The disc rolls to the side, rather than pitching backwards as one might naively expect, because of phase lag. Phase lag is a property of all rotating systems acted upon by a periodic force, which causes the extra lift to be seen up to 90 degrees later in rotor rotation. For systems hinged at the axis of rotation, such as a semi-rigid rotorhead, the phase lag is 90 degrees. For systems that are hinged at some distance from the axis of rotation, such as an articulated rotorhead, the phase lag is less than 90 degrees. In forward flight the pilot will experience either a right or left roll, depending upon whether the rotor of the helicopter rotates counter-clockwise or clockwise respectively.

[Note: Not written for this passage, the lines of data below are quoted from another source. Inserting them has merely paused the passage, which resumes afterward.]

(* Let $A>0$ and let $\tilde n,\tilde m$ be probability measures on $\mathbb R$ with finite fourth moment such that $\int y\,\tilde n(dy)=\int y\,\tilde m(dy)$. Then \[W_4\big(T(\tilde n),T(\tilde m)\big)\leq\frac{1}{2^{1/4}}\,W_4(\tilde n,\tilde m).\]
   Context: $\Gamma_{A/2}(y):=\frac{1}{\sqrt{2\pi A}}e^{-|y|^2/A}$ (Gaussian density of variance $A/2$). For a probability measure $\tilde n$ on $\mathbb R$, $T(\tilde n)$ is the probability density \[T(\tilde n)(y):=\int\!\!\int\Gamma_{A/2}\Big(y-\frac{y_*+y_*'}{2}\Big)\,\tilde n(dy_* )\,\tilde n(dy_*').\] $W_4$ is the Wasserstein distance of order 4: $W_4(\mu,\nu)=\big(\inf_\pi\int|x-y|^4\,d\pi(x,y)\big)^{1/4}$, infimum over probability measures $\pi$ on $\mathbb R^2$ with marginals $\mu$ and $\nu$. *)

theory Defs
  imports "HOL-Probability.Probability"
begin

definition gauss_half :: "real \<Rightarrow> real \<Rightarrow> real" where
  "gauss_half A y = 1 / sqrt (pi * A) * exp (- (y\<^sup>2) / A)"

definition T_op :: "real \<Rightarrow> real measure \<Rightarrow> real measure" where
  "T_op A n = density lborel
     (\<lambda>y. \<integral>\<^sup>+ a. \<integral>\<^sup>+ b. ennreal (gauss_half A (y - (a + b) / 2)) \<partial>n \<partial>n)"

definition couplings :: "real measure \<Rightarrow> real measure \<Rightarrow> (real \<times> real) measure set" where
  "couplings \<mu> \<nu> = {\<pi>. prob_space \<pi> \<and> sets \<pi> = sets (borel \<Otimes>\<^sub>M borel) \<and>
      distr \<pi> borel fst = \<mu> \<and> distr \<pi> borel snd = \<nu>}"

definition W4_cost :: "real measure \<Rightarrow> real measure \<Rightarrow> ennreal" where
  "W4_cost \<mu> \<nu> = (INF \<pi>\<in>couplings \<mu> \<nu>. \<integral>\<^sup>+ p. ennreal ((fst p - snd p) ^ 4) \<partial>\<pi>)"

definition W4 :: "real measure \<Rightarrow> real measure \<Rightarrow> real" where
  "W4 \<mu> \<nu> = (enn2real (W4_cost \<mu> \<nu>)) powr (1/4)"

end

theory Submission
  imports Defs
begin

text \<open>
  \<open>T(n)\<close> is the law of \<open>(X + X')/2 + G\<close> with \<open>X, X'\<close> independent of law \<open>n\<close> and \<open>G\<close> an independent
  Gaussian. Given a coupling \<open>(X, Y)\<close> of \<open>n\<close> and \<open>m\<close>, take an independent copy \<open>(X', Y')\<close> and
  use the same \<open>G\<close> on both sides: \<open>((X + X')/2 + G, (Y + Y')/2 + G)\<close> couples \<open>T(n)\<close> and \<open>T(m)\<close>
  with cost \<open>E ((D + D')/2)\<^sup>4\<close>, where \<open>D = X - Y\<close>. Equal means give \<open>E D = 0\<close>, so
  \<open>E (D + D')\<^sup>4 = 2 E D\<^sup>4 + 6 (E D\<^sup>2)\<^sup>2 \<le> 8 E D\<^sup>4\<close>, i.e. the cost is at most half that of the
  original coupling.
\<close>

definition gauss_measure :: "real \<Rightarrow> real measure" where
  "gauss_measure A = density lborel (\<lambda>x. ennreal (gauss_half A x))"

lemma gauss_half_eq_normal_density: "A > 0 \<Longrightarrow> gauss_half A x = normal_density 0 (sqrt (A / 2)) x"
  by (simp add: gauss_half_def normal_density_def)

lemma borel_measurable_gauss_half[measurable]: "gauss_half A \<in> borel_measurable borel"
  unfolding gauss_half_def by measurable

lemma sets_gauss_measure[simp, measurable_cong]: "sets (gauss_measure A) = sets borel"
  by (simp add: gauss_measure_def)

lemma prob_space_gauss_measure:
  assumes "A > 0" shows "prob_space (gauss_measure A)"
  unfolding gauss_measure_def gauss_half_eq_normal_density[OF assms]
  using assms by (simp add: prob_space_normal_density)

lemma convolution_gauss_measure:
  assumes A: "A > 0" and "finite_measure \<mu>" and S[measurable_cong]: "sets \<mu> = sets borel"
  shows "(\<mu> \<star> gauss_measure A) = density lborel (\<lambda>y. \<integral>\<^sup>+c. ennreal (gauss_half A (y - c)) \<partial>\<mu>)"
proof (rule measure_eqI)
  interpret G: prob_space "gauss_measure A" by (rule prob_space_gauss_measure[OF A])
  interpret M: finite_measure \<mu> by fact
  interpret pair_sigma_finite lborel \<mu> by unfold_locales
  fix S assume "S \<in> sets (\<mu> \<star> gauss_measure A)"
  then have [measurable]: "S \<in> sets borel" by simp
  have "emeasure (\<mu> \<star> gauss_measure A) S
      = (\<integral>\<^sup>+c. \<integral>\<^sup>+g. indicator S (c + g) \<partial>gauss_measure A \<partial>\<mu>)"
    by (rule convolution_emeasure') (simp_all add: G.finite_measure_axioms M.finite_measure_axioms S)
  also have "\<dots> = (\<integral>\<^sup>+c. \<integral>\<^sup>+y. ennreal (gauss_half A (y - c)) * indicator S y \<partial>lborel \<partial>\<mu>)"
  proof (rule nn_integral_cong)
    fix c :: real
    have "(\<integral>\<^sup>+g. indicator S (c + g) \<partial>gauss_measure A)
        = (\<integral>\<^sup>+g. ennreal (gauss_half A g) * indicator S (c + g) \<partial>lborel)"
      unfolding gauss_measure_def by (simp add: nn_integral_density)
    also have "\<dots> = (\<integral>\<^sup>+y. ennreal (gauss_half A (y - c)) * indicator S y \<partial>lborel)"
      using nn_integral_real_affine[of "\<lambda>y. ennreal (gauss_half A (y - c)) * indicator S y" 1 c]
      by simp
    finally show "(\<integral>\<^sup>+g. indicator S (c + g) \<partial>gauss_measure A)
        = (\<integral>\<^sup>+y. ennreal (gauss_half A (y - c)) * indicator S y \<partial>lborel)" .
  qed
  also have "\<dots> = (\<integral>\<^sup>+y. \<integral>\<^sup>+c. ennreal (gauss_half A (y - c)) * indicator S y \<partial>\<mu> \<partial>lborel)"
    using Fubini'[of "\<lambda>y c. ennreal (gauss_half A (y - c)) * indicator S y"] by simp
  also have "\<dots> = (\<integral>\<^sup>+y. (\<integral>\<^sup>+c. ennreal (gauss_half A (y - c)) \<partial>\<mu>) * indicator S y \<partial>lborel)"
    by (rule nn_integral_cong, rule nn_integral_multc) measurable
  also have "\<dots> = emeasure (density lborel (\<lambda>y. \<integral>\<^sup>+c. ennreal (gauss_half A (y - c)) \<partial>\<mu>)) S"
    by (subst emeasure_density) auto
  finally show "emeasure (\<mu> \<star> gauss_measure A) S
      = emeasure (density lborel (\<lambda>y. \<integral>\<^sup>+c. ennreal (gauss_half A (y - c)) \<partial>\<mu>)) S" .
qed simp

definition midpoint_law :: "real measure \<Rightarrow> real measure" where
  "midpoint_law \<mu> = distr (\<mu> \<Otimes>\<^sub>M \<mu>) borel (\<lambda>(a, b). (a + b) / 2)"

lemma sets_midpoint_law[simp, measurable_cong]: "sets (midpoint_law \<mu>) = sets borel"
  by (simp add: midpoint_law_def)

lemma prob_space_midpoint_law:
  assumes "prob_space \<mu>" and [measurable_cong]: "sets \<mu> = sets borel"
  shows "prob_space (midpoint_law \<mu>)"
  unfolding midpoint_law_def
  by (rule prob_space.prob_space_distr[OF prob_space_pair[OF assms(1) assms(1)]]) measurable

lemma T_op_eq_convolution:
  assumes A: "A > 0" and P: "prob_space n" and Sn[measurable_cong]: "sets n = sets borel"
  shows "T_op A n = (midpoint_law n \<star> gauss_measure A)"
proof -
  interpret N: prob_space n by fact
  have "(\<integral>\<^sup>+c. ennreal (gauss_half A (y - c)) \<partial>midpoint_law n)
      = (\<integral>\<^sup>+ a. \<integral>\<^sup>+ b. ennreal (gauss_half A (y - (a + b) / 2)) \<partial>n \<partial>n)" for y
  proof -
    have "(\<integral>\<^sup>+c. ennreal (gauss_half A (y - c)) \<partial>midpoint_law n)
        = (\<integral>\<^sup>+z. ennreal (gauss_half A (y - (fst z + snd z) / 2)) \<partial>(n \<Otimes>\<^sub>M n))"
      unfolding midpoint_law_def
      by (subst nn_integral_distr) (auto intro!: nn_integral_cong simp: split_beta)
    also have "\<dots> = (\<integral>\<^sup>+ a. \<integral>\<^sup>+ b. ennreal (gauss_half A (y - (a + b) / 2)) \<partial>n \<partial>n)"
      by (subst N.nn_integral_fst[symmetric]) auto
    finally show ?thesis .
  qed
  moreover have "finite_measure (midpoint_law n)"
    using prob_space_midpoint_law[OF P Sn] unfolding prob_space_def by blast
  ultimately show ?thesis
    unfolding T_op_def by (simp add: convolution_gauss_measure[OF A])
qed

Some sources attribute the roll to gyroscopic precession, however this is not correct: gyroscopic precession always results in a shift of 90 degrees, whereas phase lag can be less than 90 degrees. Gyroscopic precession applies only to rigid systems, but helicopter rotors are not rigid as they are designed to flap up and down.

If a helicopter experiences a crosswind, the transverse flow effect will result in a pitching up or down instead of a roll.

At higher airspeeds, more and more of the rotor disc will be in clean air and the lift differential will decrease, however transverse flow effect will be experienced to some extent across the whole flight envelope. In a typical single rotor helicopter, the effect is greatest just before Effective Translational Lift (ETL).

The difference in lift between the front and rear of the rotor disc also causes a difference in drag, resulting in a vibration between approximately 10-20 knots. However some sources attribute this to ETL rather than transverse flow.